§ Instructions for the task
Your answer consists of the lines in the data that contain "case". Copy each of them.

§ Raw data
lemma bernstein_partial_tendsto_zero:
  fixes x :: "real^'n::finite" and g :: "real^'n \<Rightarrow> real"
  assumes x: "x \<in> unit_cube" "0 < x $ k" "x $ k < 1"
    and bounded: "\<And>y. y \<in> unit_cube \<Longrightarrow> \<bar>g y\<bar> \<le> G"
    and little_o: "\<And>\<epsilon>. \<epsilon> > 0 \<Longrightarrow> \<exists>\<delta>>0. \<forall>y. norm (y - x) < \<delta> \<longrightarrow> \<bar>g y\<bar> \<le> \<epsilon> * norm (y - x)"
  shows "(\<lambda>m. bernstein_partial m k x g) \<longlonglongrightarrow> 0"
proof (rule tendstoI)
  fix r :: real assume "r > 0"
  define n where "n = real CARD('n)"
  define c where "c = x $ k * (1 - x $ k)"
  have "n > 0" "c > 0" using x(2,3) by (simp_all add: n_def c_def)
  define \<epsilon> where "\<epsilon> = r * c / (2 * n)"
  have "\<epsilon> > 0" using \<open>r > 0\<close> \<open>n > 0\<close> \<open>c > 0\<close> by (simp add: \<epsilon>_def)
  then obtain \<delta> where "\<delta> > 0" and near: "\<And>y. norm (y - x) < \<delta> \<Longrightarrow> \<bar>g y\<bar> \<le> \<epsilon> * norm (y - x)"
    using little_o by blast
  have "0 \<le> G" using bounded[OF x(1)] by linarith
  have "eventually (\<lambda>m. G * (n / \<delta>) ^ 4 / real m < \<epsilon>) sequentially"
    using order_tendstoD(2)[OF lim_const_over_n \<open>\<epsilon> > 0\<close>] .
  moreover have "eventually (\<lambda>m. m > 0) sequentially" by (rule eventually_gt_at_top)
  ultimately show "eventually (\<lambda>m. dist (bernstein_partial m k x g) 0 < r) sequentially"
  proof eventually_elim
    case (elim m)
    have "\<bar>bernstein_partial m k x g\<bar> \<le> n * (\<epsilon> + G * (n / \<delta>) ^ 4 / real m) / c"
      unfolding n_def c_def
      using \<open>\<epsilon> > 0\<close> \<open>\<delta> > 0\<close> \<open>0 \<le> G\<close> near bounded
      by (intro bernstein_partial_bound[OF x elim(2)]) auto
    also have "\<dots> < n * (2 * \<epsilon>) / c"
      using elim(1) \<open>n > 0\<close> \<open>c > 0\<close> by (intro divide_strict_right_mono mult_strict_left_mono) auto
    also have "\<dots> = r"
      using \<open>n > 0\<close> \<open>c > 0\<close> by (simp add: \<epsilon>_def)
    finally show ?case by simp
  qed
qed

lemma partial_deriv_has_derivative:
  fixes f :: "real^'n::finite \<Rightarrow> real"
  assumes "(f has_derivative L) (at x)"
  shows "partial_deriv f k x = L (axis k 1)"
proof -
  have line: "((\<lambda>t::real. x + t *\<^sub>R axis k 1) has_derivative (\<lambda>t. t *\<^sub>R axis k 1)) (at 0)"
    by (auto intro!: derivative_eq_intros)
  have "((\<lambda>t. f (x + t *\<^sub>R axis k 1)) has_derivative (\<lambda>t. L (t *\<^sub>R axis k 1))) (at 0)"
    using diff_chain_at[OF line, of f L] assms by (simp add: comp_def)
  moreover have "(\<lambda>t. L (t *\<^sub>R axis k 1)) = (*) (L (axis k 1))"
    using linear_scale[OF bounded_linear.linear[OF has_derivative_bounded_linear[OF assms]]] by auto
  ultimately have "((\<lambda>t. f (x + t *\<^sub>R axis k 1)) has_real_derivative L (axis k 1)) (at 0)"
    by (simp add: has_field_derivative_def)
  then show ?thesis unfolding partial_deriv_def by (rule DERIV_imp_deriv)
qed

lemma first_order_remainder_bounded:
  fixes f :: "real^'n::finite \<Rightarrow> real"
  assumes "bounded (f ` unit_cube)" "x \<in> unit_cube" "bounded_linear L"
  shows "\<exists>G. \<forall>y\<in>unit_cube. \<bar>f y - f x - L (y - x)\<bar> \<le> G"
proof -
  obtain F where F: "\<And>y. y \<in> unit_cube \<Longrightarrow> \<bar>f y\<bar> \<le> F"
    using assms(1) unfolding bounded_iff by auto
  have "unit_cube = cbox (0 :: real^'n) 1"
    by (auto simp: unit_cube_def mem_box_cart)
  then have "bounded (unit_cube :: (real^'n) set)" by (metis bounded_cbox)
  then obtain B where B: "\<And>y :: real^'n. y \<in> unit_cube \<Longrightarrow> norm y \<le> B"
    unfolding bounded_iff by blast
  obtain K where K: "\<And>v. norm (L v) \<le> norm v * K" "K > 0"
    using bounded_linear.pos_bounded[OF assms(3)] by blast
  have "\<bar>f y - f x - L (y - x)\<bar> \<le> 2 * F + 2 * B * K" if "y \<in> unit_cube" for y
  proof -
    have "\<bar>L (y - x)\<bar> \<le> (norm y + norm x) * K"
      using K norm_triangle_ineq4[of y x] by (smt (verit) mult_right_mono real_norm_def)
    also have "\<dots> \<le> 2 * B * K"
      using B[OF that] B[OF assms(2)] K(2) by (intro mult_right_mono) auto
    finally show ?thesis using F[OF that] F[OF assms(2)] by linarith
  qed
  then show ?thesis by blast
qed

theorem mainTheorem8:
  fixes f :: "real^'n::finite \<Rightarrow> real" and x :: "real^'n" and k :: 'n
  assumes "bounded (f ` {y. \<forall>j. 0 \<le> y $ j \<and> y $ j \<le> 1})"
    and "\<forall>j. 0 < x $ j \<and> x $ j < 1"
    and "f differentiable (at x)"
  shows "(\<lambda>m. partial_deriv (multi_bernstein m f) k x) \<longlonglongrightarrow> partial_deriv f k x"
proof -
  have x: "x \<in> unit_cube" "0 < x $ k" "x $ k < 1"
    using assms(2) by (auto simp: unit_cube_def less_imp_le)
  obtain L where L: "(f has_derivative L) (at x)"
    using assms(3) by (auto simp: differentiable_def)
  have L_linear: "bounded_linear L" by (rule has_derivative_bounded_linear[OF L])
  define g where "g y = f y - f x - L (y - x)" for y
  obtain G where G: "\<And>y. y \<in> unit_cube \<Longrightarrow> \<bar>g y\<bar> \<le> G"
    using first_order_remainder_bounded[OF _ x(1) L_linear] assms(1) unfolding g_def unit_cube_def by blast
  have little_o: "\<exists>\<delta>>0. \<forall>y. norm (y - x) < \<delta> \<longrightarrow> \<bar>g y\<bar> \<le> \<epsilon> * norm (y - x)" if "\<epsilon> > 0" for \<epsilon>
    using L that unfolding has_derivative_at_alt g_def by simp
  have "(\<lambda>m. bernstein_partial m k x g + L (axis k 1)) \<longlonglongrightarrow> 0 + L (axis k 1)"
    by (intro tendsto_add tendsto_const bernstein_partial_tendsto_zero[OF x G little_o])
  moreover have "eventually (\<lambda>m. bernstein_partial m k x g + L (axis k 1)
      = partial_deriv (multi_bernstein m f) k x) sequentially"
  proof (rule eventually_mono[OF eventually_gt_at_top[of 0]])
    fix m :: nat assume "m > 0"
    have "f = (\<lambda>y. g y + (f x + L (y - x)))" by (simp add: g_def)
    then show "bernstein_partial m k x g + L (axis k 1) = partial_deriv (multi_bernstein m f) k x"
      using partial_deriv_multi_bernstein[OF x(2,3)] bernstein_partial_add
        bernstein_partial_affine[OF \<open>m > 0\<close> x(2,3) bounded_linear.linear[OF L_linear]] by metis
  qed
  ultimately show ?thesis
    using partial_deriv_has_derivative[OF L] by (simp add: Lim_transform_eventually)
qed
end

§ Written response
    case (elim m)
    finally show ?case by simp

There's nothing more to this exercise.